**Your goal**
Filter this data down to the lines that hold "metis", and copy them.

**Excerpted records**
= Beginning of Section =
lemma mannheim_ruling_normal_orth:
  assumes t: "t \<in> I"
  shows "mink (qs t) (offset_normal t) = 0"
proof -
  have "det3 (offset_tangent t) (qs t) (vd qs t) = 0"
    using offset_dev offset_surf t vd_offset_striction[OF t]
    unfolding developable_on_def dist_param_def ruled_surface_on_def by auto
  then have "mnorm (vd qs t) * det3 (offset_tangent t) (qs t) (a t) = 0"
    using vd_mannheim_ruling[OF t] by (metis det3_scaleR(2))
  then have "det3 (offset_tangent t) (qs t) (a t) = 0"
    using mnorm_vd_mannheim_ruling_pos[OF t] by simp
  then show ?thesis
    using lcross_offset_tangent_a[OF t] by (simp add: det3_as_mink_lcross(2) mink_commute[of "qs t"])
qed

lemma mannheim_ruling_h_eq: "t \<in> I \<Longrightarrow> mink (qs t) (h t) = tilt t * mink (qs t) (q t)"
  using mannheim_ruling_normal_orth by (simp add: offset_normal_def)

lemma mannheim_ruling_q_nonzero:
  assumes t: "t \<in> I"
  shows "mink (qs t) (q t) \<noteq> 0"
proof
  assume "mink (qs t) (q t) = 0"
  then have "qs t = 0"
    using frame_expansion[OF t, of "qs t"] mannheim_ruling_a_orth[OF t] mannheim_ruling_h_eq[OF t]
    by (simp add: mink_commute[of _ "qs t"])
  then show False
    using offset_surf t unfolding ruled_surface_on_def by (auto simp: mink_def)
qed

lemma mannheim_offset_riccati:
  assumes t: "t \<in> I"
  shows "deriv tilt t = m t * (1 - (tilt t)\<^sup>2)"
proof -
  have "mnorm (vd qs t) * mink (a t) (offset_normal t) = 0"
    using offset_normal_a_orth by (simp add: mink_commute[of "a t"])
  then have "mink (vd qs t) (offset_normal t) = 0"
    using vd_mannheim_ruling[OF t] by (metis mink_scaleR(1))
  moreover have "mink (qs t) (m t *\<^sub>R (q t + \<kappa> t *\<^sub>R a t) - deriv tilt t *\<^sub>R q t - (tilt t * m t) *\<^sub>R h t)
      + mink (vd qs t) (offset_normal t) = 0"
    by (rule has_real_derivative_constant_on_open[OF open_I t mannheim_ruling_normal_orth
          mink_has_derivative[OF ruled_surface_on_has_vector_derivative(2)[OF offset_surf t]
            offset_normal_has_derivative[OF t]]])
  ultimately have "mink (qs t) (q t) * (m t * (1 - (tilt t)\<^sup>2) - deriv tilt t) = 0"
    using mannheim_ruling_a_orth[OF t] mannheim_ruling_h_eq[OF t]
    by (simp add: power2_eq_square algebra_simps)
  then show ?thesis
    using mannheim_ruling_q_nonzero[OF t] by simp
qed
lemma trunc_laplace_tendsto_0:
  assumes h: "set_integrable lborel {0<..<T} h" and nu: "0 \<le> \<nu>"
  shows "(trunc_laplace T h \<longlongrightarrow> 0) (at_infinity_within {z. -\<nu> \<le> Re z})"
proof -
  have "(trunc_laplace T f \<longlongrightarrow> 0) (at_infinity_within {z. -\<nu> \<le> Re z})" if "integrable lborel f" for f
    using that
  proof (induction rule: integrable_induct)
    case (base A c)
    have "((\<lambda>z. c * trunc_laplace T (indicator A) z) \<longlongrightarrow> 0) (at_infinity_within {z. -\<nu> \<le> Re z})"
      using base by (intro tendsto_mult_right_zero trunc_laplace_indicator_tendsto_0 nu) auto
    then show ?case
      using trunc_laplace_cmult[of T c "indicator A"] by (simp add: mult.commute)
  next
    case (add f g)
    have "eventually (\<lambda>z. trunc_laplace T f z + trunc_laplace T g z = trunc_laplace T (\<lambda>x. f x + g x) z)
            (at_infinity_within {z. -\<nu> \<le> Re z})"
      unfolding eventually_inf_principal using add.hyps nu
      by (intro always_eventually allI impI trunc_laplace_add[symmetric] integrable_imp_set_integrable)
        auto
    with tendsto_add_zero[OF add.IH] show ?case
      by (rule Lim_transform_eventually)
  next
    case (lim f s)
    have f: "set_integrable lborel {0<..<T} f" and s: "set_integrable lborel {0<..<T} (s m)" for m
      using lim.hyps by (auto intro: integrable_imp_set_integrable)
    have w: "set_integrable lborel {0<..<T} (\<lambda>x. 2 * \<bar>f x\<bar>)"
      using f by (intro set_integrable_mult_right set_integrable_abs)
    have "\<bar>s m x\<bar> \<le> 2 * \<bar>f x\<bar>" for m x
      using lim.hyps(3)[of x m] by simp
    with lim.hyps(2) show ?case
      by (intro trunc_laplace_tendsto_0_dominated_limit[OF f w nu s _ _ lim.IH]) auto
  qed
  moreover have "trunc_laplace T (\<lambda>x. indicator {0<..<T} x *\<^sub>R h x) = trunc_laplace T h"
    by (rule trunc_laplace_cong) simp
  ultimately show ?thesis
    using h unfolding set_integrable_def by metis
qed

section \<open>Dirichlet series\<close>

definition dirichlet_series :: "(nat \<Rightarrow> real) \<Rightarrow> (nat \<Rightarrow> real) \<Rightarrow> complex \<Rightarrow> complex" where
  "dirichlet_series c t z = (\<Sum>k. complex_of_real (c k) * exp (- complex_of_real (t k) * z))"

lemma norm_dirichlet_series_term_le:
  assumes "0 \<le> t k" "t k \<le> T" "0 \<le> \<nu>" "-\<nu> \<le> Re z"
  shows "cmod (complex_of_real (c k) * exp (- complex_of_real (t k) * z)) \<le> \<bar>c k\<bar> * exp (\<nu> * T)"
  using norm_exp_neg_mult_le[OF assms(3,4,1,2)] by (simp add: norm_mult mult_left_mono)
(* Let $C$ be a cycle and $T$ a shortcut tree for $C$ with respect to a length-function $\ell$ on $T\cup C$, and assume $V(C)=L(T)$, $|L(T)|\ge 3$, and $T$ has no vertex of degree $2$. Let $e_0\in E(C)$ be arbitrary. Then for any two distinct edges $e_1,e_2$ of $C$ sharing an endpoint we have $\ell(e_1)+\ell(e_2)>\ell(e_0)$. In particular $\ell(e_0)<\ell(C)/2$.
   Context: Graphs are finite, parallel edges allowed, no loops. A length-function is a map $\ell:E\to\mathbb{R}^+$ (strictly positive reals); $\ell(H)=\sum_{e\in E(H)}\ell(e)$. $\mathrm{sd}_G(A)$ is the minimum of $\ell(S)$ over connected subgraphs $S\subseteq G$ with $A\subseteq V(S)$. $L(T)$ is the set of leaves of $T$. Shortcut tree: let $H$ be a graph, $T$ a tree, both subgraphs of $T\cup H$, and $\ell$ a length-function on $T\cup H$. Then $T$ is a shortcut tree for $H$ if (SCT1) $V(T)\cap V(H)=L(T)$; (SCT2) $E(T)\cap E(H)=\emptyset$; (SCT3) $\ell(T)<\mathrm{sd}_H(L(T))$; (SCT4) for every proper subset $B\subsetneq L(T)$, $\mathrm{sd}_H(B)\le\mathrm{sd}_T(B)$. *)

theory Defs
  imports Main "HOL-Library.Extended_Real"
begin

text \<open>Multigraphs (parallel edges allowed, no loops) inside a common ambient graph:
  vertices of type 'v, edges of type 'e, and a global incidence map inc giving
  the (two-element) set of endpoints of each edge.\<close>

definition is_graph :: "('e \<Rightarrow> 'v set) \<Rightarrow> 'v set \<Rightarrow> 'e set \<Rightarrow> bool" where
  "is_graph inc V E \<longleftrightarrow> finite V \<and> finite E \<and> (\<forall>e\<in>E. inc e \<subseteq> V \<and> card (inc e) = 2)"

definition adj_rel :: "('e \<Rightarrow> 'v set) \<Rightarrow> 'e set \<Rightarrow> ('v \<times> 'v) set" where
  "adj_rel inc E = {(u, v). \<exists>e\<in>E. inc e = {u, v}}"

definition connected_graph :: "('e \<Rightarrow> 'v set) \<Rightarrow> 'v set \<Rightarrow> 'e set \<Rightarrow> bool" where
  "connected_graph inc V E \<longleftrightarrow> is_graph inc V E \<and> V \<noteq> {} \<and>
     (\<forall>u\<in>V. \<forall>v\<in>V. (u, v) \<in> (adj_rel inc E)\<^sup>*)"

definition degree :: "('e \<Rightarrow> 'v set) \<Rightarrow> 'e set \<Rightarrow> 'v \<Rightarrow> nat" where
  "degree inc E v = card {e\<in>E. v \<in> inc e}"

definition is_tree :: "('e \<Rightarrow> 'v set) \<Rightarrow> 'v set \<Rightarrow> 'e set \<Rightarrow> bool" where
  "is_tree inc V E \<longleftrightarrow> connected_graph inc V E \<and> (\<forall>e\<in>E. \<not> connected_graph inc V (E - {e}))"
= End of Section =
**Result for this exercise**
    using vd_mannheim_ruling[OF t] by (metis det3_scaleR(2))
    using vd_mannheim_ruling[OF t] by (metis mink_scaleR(1))
    using h unfolding set_integrable_def by metis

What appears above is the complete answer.